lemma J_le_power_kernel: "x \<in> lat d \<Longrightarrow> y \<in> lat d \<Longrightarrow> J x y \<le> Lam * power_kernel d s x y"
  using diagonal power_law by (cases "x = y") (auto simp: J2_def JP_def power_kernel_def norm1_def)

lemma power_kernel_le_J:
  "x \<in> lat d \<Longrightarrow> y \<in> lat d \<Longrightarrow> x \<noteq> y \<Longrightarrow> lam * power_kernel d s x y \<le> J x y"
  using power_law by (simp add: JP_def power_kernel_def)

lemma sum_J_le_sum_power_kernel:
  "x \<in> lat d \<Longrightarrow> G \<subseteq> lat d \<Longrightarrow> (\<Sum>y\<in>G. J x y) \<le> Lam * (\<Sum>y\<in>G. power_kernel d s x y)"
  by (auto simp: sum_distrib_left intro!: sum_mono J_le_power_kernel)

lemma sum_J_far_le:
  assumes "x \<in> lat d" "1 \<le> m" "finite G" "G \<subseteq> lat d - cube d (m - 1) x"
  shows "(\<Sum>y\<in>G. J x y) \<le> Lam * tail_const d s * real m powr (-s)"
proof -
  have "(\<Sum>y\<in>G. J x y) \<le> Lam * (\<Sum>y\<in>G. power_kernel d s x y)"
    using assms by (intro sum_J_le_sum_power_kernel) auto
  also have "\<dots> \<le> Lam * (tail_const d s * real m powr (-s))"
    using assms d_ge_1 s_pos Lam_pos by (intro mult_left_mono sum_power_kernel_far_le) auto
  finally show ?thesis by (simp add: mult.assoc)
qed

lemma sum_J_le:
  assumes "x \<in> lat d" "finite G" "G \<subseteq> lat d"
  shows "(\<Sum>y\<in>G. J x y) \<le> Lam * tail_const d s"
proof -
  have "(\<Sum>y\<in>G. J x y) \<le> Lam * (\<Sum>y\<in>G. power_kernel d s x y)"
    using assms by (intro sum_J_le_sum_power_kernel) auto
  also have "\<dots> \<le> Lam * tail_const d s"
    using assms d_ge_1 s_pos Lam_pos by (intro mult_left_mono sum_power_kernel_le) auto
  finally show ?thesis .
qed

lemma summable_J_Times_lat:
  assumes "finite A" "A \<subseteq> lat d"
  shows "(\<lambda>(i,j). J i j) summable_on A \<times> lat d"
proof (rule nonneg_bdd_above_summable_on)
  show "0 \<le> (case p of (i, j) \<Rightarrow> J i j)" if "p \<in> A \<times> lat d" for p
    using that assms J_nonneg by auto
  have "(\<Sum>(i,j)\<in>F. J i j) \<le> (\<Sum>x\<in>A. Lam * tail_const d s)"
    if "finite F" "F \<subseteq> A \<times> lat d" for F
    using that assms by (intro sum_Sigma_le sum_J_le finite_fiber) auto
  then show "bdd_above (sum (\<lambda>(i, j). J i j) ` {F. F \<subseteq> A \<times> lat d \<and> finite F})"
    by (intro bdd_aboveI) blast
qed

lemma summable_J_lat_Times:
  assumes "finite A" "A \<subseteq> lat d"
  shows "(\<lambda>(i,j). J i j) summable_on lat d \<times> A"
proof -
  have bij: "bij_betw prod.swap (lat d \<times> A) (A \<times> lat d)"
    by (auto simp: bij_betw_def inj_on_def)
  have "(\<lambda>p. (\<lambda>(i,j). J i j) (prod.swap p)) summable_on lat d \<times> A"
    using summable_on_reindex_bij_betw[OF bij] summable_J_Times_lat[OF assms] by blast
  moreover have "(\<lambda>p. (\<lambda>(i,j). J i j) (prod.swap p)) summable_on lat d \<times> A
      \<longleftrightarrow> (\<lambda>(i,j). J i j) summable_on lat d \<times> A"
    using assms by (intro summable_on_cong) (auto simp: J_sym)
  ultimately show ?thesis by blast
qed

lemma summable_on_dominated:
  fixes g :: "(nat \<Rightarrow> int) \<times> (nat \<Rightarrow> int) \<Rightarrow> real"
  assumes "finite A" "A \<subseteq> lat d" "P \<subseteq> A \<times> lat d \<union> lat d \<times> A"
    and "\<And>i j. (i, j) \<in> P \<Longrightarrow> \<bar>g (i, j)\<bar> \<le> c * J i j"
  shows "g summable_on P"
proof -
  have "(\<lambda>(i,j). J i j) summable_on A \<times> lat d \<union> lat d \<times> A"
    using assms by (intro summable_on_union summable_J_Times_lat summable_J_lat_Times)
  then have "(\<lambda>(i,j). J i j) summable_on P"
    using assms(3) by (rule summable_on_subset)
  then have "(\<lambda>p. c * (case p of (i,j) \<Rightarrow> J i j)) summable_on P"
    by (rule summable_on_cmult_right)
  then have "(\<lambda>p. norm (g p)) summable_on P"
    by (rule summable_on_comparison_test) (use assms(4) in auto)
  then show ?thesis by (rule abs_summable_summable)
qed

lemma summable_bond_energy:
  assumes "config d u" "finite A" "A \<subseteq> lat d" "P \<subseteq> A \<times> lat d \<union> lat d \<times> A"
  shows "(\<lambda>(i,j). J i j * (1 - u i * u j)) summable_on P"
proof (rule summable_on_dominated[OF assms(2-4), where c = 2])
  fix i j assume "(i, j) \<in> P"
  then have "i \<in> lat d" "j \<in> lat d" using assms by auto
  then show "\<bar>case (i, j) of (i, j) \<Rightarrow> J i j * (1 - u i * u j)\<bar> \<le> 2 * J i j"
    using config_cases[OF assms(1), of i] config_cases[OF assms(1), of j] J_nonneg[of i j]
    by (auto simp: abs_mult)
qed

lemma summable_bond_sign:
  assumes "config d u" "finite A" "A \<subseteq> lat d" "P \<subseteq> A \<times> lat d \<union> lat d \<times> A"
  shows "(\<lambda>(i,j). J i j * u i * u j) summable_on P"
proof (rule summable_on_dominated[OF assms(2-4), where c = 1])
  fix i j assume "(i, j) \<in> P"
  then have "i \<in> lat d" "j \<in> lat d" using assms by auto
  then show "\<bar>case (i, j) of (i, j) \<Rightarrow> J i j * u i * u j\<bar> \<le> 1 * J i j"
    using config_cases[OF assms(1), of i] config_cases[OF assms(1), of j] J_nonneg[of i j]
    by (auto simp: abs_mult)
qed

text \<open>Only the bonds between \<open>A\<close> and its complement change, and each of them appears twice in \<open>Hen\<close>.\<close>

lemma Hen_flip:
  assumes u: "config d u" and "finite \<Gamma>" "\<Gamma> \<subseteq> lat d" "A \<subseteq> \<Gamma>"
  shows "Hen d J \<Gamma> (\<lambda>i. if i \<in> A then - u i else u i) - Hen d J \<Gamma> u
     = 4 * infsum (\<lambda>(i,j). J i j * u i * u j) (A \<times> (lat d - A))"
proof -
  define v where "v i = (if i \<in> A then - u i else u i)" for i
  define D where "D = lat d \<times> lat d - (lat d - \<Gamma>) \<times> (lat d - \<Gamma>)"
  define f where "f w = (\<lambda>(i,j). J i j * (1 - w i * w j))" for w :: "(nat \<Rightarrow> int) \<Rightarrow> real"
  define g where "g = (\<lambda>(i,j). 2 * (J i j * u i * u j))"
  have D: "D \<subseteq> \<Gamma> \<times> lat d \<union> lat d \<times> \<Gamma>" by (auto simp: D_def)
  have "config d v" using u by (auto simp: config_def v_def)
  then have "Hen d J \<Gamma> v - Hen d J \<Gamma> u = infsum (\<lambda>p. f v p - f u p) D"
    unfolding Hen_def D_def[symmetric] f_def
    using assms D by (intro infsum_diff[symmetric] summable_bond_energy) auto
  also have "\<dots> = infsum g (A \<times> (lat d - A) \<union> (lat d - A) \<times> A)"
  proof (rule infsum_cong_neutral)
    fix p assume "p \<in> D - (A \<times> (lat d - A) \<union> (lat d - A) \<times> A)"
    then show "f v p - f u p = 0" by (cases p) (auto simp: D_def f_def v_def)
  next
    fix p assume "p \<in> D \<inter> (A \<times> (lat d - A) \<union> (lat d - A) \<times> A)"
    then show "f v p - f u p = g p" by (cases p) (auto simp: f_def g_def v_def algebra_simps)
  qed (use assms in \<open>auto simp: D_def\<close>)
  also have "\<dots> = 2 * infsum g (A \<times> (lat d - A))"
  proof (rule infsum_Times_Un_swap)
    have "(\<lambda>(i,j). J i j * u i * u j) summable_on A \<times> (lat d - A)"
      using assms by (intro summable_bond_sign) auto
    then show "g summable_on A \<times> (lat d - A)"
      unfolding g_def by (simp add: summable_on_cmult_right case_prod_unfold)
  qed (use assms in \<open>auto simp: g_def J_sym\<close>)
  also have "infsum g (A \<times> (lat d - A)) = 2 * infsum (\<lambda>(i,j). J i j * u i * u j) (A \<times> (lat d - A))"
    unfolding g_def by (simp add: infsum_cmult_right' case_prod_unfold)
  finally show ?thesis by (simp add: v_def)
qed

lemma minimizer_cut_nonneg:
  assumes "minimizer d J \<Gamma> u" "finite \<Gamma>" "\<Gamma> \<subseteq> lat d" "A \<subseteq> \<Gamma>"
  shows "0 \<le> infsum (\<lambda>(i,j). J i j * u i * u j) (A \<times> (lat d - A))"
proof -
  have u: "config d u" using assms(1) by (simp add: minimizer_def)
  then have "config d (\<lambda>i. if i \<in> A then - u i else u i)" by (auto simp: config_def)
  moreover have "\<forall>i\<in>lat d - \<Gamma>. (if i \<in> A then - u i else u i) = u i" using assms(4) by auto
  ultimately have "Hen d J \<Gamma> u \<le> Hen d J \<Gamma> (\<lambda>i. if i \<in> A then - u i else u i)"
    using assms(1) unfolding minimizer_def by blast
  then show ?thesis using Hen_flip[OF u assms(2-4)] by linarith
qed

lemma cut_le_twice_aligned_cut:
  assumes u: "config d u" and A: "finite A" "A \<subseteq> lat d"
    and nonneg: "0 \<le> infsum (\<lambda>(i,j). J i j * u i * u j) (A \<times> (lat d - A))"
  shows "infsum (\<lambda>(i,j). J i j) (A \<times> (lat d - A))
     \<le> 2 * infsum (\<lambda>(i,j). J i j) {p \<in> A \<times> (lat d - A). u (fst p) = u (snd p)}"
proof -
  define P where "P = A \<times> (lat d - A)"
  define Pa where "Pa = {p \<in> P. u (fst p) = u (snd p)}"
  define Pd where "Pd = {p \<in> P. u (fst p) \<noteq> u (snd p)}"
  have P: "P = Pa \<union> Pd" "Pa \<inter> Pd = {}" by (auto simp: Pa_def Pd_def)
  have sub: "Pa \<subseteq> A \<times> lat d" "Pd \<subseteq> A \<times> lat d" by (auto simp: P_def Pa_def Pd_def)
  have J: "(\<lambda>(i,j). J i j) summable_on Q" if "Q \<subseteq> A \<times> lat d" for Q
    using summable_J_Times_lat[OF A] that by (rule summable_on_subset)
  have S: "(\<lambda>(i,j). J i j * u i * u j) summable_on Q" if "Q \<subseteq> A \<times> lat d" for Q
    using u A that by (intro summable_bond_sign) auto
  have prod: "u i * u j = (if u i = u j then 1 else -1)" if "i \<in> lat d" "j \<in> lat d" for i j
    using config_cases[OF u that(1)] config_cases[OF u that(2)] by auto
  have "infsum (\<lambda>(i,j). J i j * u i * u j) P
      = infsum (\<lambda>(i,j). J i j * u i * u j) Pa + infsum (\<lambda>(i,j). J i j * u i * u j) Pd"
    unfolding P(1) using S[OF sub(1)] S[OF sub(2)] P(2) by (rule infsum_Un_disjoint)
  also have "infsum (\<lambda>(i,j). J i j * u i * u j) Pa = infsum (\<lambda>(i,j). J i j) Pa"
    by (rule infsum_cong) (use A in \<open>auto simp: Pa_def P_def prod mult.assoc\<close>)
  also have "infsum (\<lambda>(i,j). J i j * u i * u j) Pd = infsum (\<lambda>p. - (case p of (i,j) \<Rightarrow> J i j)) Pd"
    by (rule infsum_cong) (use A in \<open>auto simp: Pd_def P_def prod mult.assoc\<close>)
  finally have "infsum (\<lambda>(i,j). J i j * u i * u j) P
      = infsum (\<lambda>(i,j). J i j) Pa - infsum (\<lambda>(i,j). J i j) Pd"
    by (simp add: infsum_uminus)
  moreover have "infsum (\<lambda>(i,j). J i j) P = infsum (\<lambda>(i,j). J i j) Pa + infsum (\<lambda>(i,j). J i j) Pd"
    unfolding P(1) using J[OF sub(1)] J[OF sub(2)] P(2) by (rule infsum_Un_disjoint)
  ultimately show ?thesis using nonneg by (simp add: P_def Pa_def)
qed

==

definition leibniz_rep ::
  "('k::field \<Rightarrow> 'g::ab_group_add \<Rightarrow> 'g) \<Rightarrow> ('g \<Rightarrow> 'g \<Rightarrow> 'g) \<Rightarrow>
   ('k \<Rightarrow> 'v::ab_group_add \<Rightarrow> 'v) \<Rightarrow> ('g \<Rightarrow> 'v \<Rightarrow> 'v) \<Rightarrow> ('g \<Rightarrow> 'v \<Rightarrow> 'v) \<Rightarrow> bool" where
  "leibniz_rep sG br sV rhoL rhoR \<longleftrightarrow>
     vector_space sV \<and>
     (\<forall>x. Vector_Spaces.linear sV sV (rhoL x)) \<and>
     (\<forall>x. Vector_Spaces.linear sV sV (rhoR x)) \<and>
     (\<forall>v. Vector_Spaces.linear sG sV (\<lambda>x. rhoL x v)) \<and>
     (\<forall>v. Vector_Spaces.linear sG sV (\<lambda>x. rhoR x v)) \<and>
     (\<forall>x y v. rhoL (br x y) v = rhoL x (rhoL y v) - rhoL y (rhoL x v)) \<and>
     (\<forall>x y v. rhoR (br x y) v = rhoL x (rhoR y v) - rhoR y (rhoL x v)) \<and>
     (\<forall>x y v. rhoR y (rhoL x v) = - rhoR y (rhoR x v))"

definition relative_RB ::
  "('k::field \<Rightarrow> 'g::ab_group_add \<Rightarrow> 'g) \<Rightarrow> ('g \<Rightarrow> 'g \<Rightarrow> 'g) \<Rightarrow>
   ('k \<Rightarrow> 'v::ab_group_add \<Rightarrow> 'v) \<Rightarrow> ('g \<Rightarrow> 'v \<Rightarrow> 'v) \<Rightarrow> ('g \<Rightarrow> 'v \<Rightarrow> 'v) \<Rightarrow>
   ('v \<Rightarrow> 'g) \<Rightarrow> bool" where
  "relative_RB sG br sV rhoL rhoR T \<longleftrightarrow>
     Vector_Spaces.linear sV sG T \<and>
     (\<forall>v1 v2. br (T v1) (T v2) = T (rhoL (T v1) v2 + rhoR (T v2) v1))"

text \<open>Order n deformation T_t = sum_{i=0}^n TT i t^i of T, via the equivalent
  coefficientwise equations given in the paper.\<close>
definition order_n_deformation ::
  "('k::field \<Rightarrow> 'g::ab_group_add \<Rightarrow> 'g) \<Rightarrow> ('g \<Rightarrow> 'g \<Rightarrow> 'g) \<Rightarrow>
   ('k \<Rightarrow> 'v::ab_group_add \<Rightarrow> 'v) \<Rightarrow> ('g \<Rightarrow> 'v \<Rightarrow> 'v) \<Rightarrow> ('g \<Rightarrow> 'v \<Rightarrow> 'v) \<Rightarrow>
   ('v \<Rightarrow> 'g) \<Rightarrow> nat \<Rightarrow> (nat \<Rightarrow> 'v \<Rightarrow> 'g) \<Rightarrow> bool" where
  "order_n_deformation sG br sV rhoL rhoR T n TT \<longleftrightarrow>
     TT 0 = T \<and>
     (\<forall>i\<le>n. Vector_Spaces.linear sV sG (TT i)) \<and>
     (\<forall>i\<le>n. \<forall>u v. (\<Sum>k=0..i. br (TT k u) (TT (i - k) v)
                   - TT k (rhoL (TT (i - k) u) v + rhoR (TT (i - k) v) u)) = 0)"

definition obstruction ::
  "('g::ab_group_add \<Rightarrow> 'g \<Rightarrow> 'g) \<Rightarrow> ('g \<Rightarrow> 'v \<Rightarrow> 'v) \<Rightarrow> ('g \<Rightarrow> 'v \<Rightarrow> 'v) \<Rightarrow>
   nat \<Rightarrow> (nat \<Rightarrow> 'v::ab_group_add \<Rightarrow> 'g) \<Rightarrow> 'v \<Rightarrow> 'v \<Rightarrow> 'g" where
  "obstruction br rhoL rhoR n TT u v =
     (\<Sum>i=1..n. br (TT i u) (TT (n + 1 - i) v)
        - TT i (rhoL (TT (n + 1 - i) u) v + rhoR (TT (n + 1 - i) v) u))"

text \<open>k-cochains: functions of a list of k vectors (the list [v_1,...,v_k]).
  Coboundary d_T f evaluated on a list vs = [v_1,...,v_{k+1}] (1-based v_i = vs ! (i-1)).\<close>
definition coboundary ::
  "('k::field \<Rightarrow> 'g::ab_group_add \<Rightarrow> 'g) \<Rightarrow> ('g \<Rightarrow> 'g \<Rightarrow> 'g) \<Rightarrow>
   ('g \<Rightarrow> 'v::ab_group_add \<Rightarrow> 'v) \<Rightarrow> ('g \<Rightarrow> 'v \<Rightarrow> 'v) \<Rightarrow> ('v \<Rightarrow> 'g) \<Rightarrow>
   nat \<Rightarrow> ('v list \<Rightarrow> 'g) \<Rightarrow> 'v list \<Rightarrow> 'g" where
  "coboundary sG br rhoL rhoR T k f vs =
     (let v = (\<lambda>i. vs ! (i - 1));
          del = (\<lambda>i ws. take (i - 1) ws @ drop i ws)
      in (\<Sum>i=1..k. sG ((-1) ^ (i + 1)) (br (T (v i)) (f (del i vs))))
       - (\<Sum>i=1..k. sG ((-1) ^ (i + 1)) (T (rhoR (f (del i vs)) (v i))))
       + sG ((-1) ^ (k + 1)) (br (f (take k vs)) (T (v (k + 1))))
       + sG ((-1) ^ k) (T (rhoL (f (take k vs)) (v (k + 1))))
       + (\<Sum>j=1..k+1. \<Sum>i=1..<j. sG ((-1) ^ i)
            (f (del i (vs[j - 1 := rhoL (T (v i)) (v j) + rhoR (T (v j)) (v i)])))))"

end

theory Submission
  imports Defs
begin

*About this task*
Search the preceding listing for "longleftrightarrow" and extract every line where it is found.

*Result below*
      \<longleftrightarrow> (\<lambda>(i,j). J i j) summable_on lat d \<times> A"
  "leibniz_rep sG br sV rhoL rhoR \<longleftrightarrow>
  "relative_RB sG br sV rhoL rhoR T \<longleftrightarrow>
  "order_n_deformation sG br sV rhoL rhoR T n TT \<longleftrightarrow>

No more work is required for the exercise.